● Dataset excerpts
***
(* For all $M>0$, all $\alpha>0$, all $q$ with $|q|<1$ and all $\epsilon>0$ there exist constants $C_1,C_2>0$ such that for all $p$ with $|p|<|q|$, \[ C_1\le|(zp^{-\alpha};q)|\,|z|^{-k\alpha}\,|q|^{\binom{k\alpha+1}{2}}\le C_2 \] for all $z$ with $1/M<|z|<M$ and $|1-z/w|>\epsilon$ for every zero $w$ of $z\mapsto(zp^{-\alpha};q)$ and of $z\mapsto(qp^\alpha/z;q)$, where $p=xq^k$ with $|x|=1$ and $k\in\mathbb{R}$.
   Context: $(y;q)=\prod_{r\ge0}(1-yq^r)$. For real $y$, $\binom{y}{2}=y(y-1)/2$. The paper phrases the condition on $z$ as "$z$ away from the zeros". *)

theory Defs
  imports "HOL-Analysis.Analysis"
begin

definition qpoch :: "complex \<Rightarrow> complex \<Rightarrow> complex" where
  "qpoch y q = (\<Prod>r. 1 - y * q ^ r)"

definition binom2 :: "real \<Rightarrow> real" where
  "binom2 y = y * (y - 1) / 2"

definition zeroset :: "complex \<Rightarrow> real \<Rightarrow> complex \<Rightarrow> complex set" where
  "zeroset p \<alpha> q =
     {w. w \<noteq> 0 \<and> qpoch (w * p powr (-\<alpha>)) q = 0} \<union>
     {w. w \<noteq> 0 \<and> qpoch (q * p powr \<alpha> / w) q = 0}"

end

theory Submission
  imports Defs
begin

text \<open>
  Put y = z p^(-\<alpha>) and K = k\<alpha>, so that |y q^i| = |z| |q|^(i - K), where K > 0 because |p| < |q|
  forces k > 1. Split the product (y;q) at n = \<lceil>K\<rceil>. For i \<ge> n the factor 1 - y q^i is
  1 + O(|q|^(i - n)); for i < n write 1 - y q^i = - y q^i (1 - (y q^i)^(-1)), whose second factor is
  1 + O(|q|^(n - 1 - i)). Both products of near-1 factors lie between positive constants: geometric
  decay bounds them above and bounds all but a fixed number R = R(M, |q|) of their factors below,
  and those R factors are kept away from 0 by the distance of z from the zeros. The remaining monomial, the product of the |y q^i|
  for i < n, equals |z|^K |q|^(-binom2 (K + 1)) times |z|^t |q|^((t^2 - t)/2) with t = n - K in [0,1),
  and the last factor is bounded above and below.
\<close>

lemma exp_minus_two_mult_le_one_minus:
  fixes x :: real
  assumes "0 \<le> x" "x \<le> 1/2"
  shows "exp (-2 * x) \<le> 1 - x"
proof -
  have "x * (2 * x) \<le> x * 1"
    using assms by (intro mult_left_mono) auto
  then have "-2 * x \<le> - x - 2 * x\<^sup>2"
    by (simp add: power2_eq_square algebra_simps)
  also have "\<dots> \<le> ln (1 - x)"
    using assms by (rule ln_one_minus_pos_lower_bound)
  finally have "exp (-2 * x) \<le> exp (ln (1 - x))"
    by simp
  with assms show ?thesis
    by simp
qed

lemma sum_power_inj_on_le_geometric:
  fixes a :: real
  assumes "0 \<le> a" "a < 1" "finite S" "inj_on h S"
  shows "(\<Sum>s\<in>S. a ^ h s) \<le> 1 / (1 - a)"
proof -
  have "(\<Sum>s\<in>S. a ^ h s) = (\<Sum>j\<in>h ` S. a ^ j)"
    using assms by (simp add: sum.reindex)
  also have "\<dots> \<le> (\<Sum>j. a ^ j)"
    using assms by (intro sum_le_suminf) (auto intro: summable_geometric)
  also have "\<dots> = 1 / (1 - a)"
    using assms by (simp add: suminf_geometric)
  finally show ?thesis .
qed

lemma prod_norm_one_minus_le_exp:
  fixes v :: "'i \<Rightarrow> 'a::real_normed_algebra_1"
  assumes a: "0 \<le> a" "a < 1" and B: "0 \<le> B" and S: "finite S" "inj_on h S"
    and v: "\<And>s. s \<in> S \<Longrightarrow> norm (v s) \<le> B * a ^ h s"
  shows "(\<Prod>s\<in>S. norm (1 - v s)) \<le> exp (B / (1 - a))"
proof -
  have "(\<Prod>s\<in>S. norm (1 - v s)) \<le> (\<Prod>s\<in>S. exp (B * a ^ h s))"
  proof (intro prod_mono conjI)
    fix s assume "s \<in> S"
    have "norm (1 - v s) \<le> 1 + norm (v s)"
      by (metis norm_one norm_triangle_ineq4)
    also have "\<dots> \<le> exp (B * a ^ h s)"
      using v[OF \<open>s \<in> S\<close>] exp_ge_add_one_self[of "norm (v s)"] by (meson exp_le_cancel_iff order_trans)
    finally show "norm (1 - v s) \<le> exp (B * a ^ h s)" .
  qed simp
  also have "\<dots> = exp (B * (\<Sum>s\<in>S. a ^ h s))"
    using S by (simp add: exp_sum sum_distrib_left)
  also have "\<dots> \<le> exp (B / (1 - a))"
    using sum_power_inj_on_le_geometric[OF a S] B by (simp add: mult_left_mono[of _ _ B, simplified] divide_inverse)
  finally show ?thesis .
qed

lemma prod_norm_one_minus_ge_exp:
  fixes v :: "'i \<Rightarrow> 'a::real_normed_algebra_1"
  assumes a: "0 \<le> a" "a < 1" and B: "0 \<le> B" and S: "finite S" "inj_on h S"
    and v: "\<And>s. s \<in> S \<Longrightarrow> norm (v s) \<le> B * a ^ h s"
    and small: "\<And>s. s \<in> S \<Longrightarrow> B * a ^ h s \<le> 1/2"
  shows "exp (-2 * B / (1 - a)) \<le> (\<Prod>s\<in>S. norm (1 - v s))"
proof -
  have "exp (-2 * B / (1 - a)) \<le> exp (-2 * (B * (\<Sum>s\<in>S. a ^ h s)))"
    using sum_power_inj_on_le_geometric[OF a S] B mult_left_mono by (fastforce simp: divide_inverse)
  also have "\<dots> = (\<Prod>s\<in>S. exp (-2 * (B * a ^ h s)))"
    using S by (simp add: exp_sum sum_distrib_left)
  also have "\<dots> \<le> (\<Prod>s\<in>S. norm (1 - v s))"
  proof (intro prod_mono conjI)
    fix s assume s: "s \<in> S"
    have "exp (-2 * (B * a ^ h s)) \<le> exp (-2 * norm (v s))"
      using v[OF s] by simp
    also have "\<dots> \<le> 1 - norm (v s)"
      using v[OF s] small[OF s] by (intro exp_minus_two_mult_le_one_minus) auto
    also have "\<dots> \<le> norm (1 - v s)"
      by (metis norm_one norm_triangle_ineq2)
    finally show "exp (-2 * (B * a ^ h s)) \<le> norm (1 - v s)" .
  qed simp
  finally show ?thesis .
qed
***
● Problem details
Reproduce, exactly as they stand in the data above, the lines from the one that holds "imports Defs" to the one that holds "forces k > 1.", inclusive.

● Written reply
  imports Defs
begin

text \<open>
  Put y = z p^(-\<alpha>) and K = k\<alpha>, so that |y q^i| = |z| |q|^(i - K), where K > 0 because |p| < |q|
  forces k > 1. Split the product (y;q) at n = \<lceil>K\<rceil>. For i \<ge> n the factor 1 - y q^i is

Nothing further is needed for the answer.